La main de mon père se resserra sur mon épaule.

— Cependant, poursuivit-il, c’est le long terme qui nous inquiète davantage.

— Je vais enterrer deux de mes fils demain…

— Et j’ai enterré l’un des miens il y a quatre ans. Mon héritier. Sans que la gestion de l’entreprise ait à en souffrir.

— Avez-vous déjà souffert, Thomas ? Parce que si c’est le cas, je me demande bien quand.

— Nous voulons connaître vos intentions, Benicio. Concernant la nomination de votre véritable successeur.

— Vous, d’abord. (La voix de mon père avait pris un ton faussement jovial, qui, pour quiconque le connaissait, sonnait comme le sifflement d’un crotale prêt à frapper.) Qui avez-vous désigné en tant qu’héritier ?

— J’ai pris ma décision…

— Mais vous ne le direz à personne, parce que en vérité, vous n’en savez rien. (Mon père fit le tour de la table.) Le rôle devrait revenir à Josef, qui a remplacé Kristof au pied levé et rempli son office de manière admirable, même s’il lui manque ce petit quelque chose… Cependant, vous refusez d’officialiser cette nomination, car vous placez encore beaucoup d’espoir en Sean, qui possède tout le talent de son père, mais semble désabusé depuis un certain temps. Il n’est plus vraiment sûr d’être à sa place. Il ne croit plus vraiment en la Cabale. (Mon père serra les épaules de Thomas et se pencha à son oreille.) Je sais ce que c’est, croyez-moi.

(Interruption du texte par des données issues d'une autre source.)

theorem theorem1:
  fixes f :: "real ^ 'n \<Rightarrow> real"
    and gradf :: "real ^ 'n \<Rightarrow> real ^ 'n"
    and L :: real
    and M :: "'w measure"
    and g :: "real ^ 'n \<Rightarrow> 'w \<Rightarrow> real ^ 'n"
  assumes grad: "\<forall>x. GDERIV f x :> gradf x"
    and bdd: "bdd_below (range f)"
    and lip: "\<forall>x y. norm (gradf x - gradf y) \<le> L * norm (x - y)"
    and M: "prob_space M"
    and unbiased: "\<forall>x. integrable M (g x) \<and> (\<integral>w. g x w \<partial>M) = gradf x"
  shows
   \<comment> \<open>(1) M-SG implies E-SG\<close>
   "((\<exists>\<alpha>\<ge>0. \<forall>x. AE w in M. norm (g x w) ^ 2 \<le> \<alpha> * norm (gradf x) ^ 2)
       \<longrightarrow> (\<exists>\<alpha>\<ge>0. \<forall>x. (\<integral>\<^sup>+ w. ennreal (norm (g x w) ^ 2) \<partial>M)
                              \<le> ennreal (\<alpha> * norm (gradf x) ^ 2)))
    \<and>
   \<comment> \<open>(2) E-SG implies RG\<close>
    ((\<exists>\<alpha>. \<forall>x. (\<integral>\<^sup>+ w. ennreal (norm (g x w) ^ 2) \<partial>M) \<le> ennreal (\<alpha> * norm (gradf x) ^ 2))
       \<longrightarrow> (\<exists>\<alpha>\<ge>0. \<exists>\<beta>\<ge>0. \<forall>x. (\<integral>\<^sup>+ w. ennreal (norm (g x w) ^ 2) \<partial>M)
                              \<le> ennreal (\<alpha> * norm (gradf x) ^ 2 + \<beta>)))
    \<and>
   \<comment> \<open>(3) BV implies RG\<close>
    ((\<exists>\<sigma>\<ge>0. \<forall>x. (\<integral>\<^sup>+ w. ennreal (norm (g x w - gradf x) ^ 2) \<partial>M) \<le> ennreal (\<sigma> ^ 2))
       \<longrightarrow> (\<exists>\<alpha>\<ge>0. \<exists>\<beta>\<ge>0. \<forall>x. (\<integral>\<^sup>+ w. ennreal (norm (g x w) ^ 2) \<partial>M)
                              \<le> ennreal (\<alpha> * norm (gradf x) ^ 2 + \<beta>)))
    \<and>
   \<comment> \<open>(4) finite sum with uniform sampling and GC implies RG\<close>
    (\<forall>(n::nat) (fi :: nat \<Rightarrow> real ^ 'n \<Rightarrow> real) (gi :: nat \<Rightarrow> real ^ 'n \<Rightarrow> real ^ 'n) (\<eta>::real).
       n \<ge> 1
       \<longrightarrow> (\<forall>x. f x = (1 / real n) * (\<Sum>i=1..n. fi i x))
       \<longrightarrow> (\<forall>i\<in>{1..n}. \<forall>x. GDERIV (fi i) x :> gi i x)
       \<longrightarrow> \<eta> > 0
       \<longrightarrow> (\<forall>i\<in>{1..n}. \<forall>j\<in>{1..n}. i \<noteq> j \<longrightarrow> (\<forall>x. gi i x \<bullet> gi j x \<ge> - \<eta>))
       \<longrightarrow> (\<exists>\<alpha>\<ge>0. \<exists>\<beta>\<ge>0. \<forall>x.
              (\<integral>\<^sup>+ i. ennreal (norm (gi i x) ^ 2) \<partial>(measure_pmf (pmf_of_set {1..n})))
                \<le> ennreal (\<alpha> * norm (gradf x) ^ 2 + \<beta>)))
    \<and>
   \<comment> \<open>(5) RG implies ES\<close>
    ((\<exists>\<alpha>\<ge>0. \<exists>\<beta>\<ge>0. \<forall>x. (\<integral>\<^sup>+ w. ennreal (norm (g x w) ^ 2) \<partial>M)
                              \<le> ennreal (\<alpha> * norm (gradf x) ^ 2 + \<beta>))
       \<longrightarrow> (\<exists>A\<ge>0. \<exists>B\<ge>0. \<exists>C\<ge>0. \<forall>x. (\<integral>\<^sup>+ w. ennreal (norm (g x w) ^ 2) \<partial>M)
              \<le> ennreal (2 * A * (f x - (INF y. f y)) + B * norm (gradf x) ^ 2 + C)))
    \<and>
   \<comment> \<open>(6) expectation of a.s. smooth nonnegative functions (SS) implies ES\<close>
    (\<forall>(D :: 'c measure) (fxi :: 'c \<Rightarrow> real ^ 'n \<Rightarrow> real) (gxi :: 'c \<Rightarrow> real ^ 'n \<Rightarrow> real ^ 'n).
       prob_space D
       \<longrightarrow> (\<forall>\<xi> x. GDERIV (fxi \<xi>) x :> gxi \<xi> x)
       \<longrightarrow> (\<forall>x. integrable D (\<lambda>\<xi>. fxi \<xi> x) \<and> f x = (\<integral>\<xi>. fxi \<xi> x \<partial>D))
       \<longrightarrow> (\<forall>x. integrable D (\<lambda>\<xi>. gxi \<xi> x) \<and> (\<integral>\<xi>. gxi \<xi> x \<partial>D) = gradf x)
       \<longrightarrow> (AE \<xi> in D. \<forall>x y. norm (gxi \<xi> x - gxi \<xi> y) \<le> L * norm (x - y) \<and> fxi \<xi> x \<ge> 0)
       \<longrightarrow> (\<exists>A\<ge>0. \<exists>B\<ge>0. \<exists>C\<ge>0. \<forall>x. (\<integral>\<^sup>+ \<xi>. ennreal (norm (gxi \<xi> x) ^ 2) \<partial>D)
              \<le> ennreal (2 * A * (f x - (INF y. f y)) + B * norm (gradf x) ^ 2 + C)))"
  using M unbiased grad
  apply (intro conjI impI allI)
  subgoal
    by (fastforce intro!: subprob_space.nn_integral_le_const[OF prob_space_imp_subprob_space[OF M]]
        elim!: AE_mp intro: ennreal_leI)
  subgoal
    using relaxed_growth_of_expected_strong_growth unfolding relaxed_growth_def by blast
  subgoal
    using prob_space.relaxed_growth_of_bounded_variance[OF M, of g gradf]
    unfolding relaxed_growth_def by (blast intro: borel_measurable_integrable)
  subgoal for n fi gi \<eta>
    using relaxed_growth_uniform_sampling[of "{1..n}" f gradf fi gi \<eta>]
    unfolding relaxed_growth_def by auto
  subgoal
    using expected_smoothness_of_relaxed_growth unfolding relaxed_growth_def expected_smoothness_def
    by blast
  subgoal for D fxi gxi
    using prob_space.expected_smoothness_of_smooth_nonneg[of D fxi gxi f L gradf]
    unfolding expected_smoothness_def by auto
  done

Il se redressa, resserrant sa prise.

— Même si j’ai eu grand plaisir à discuter de nos atermoiements mutuels, je me demande bien pourquoi nous avons abordé ce sujet. J’ai déjà désigné mon héritier. Je l’ai fait il y a des années, comme vous le savez.

Je fixai mon regard sur le menton de mon père, le visage impassible.

— Vous n’êtes pas sérieux ? demanda Thomas.

Mon père sourit.

— Je le suis toujours. Lucas ? Je crois que Paige est à ta recherche. Elle a quelque chose à te dire à propos de l’enquête.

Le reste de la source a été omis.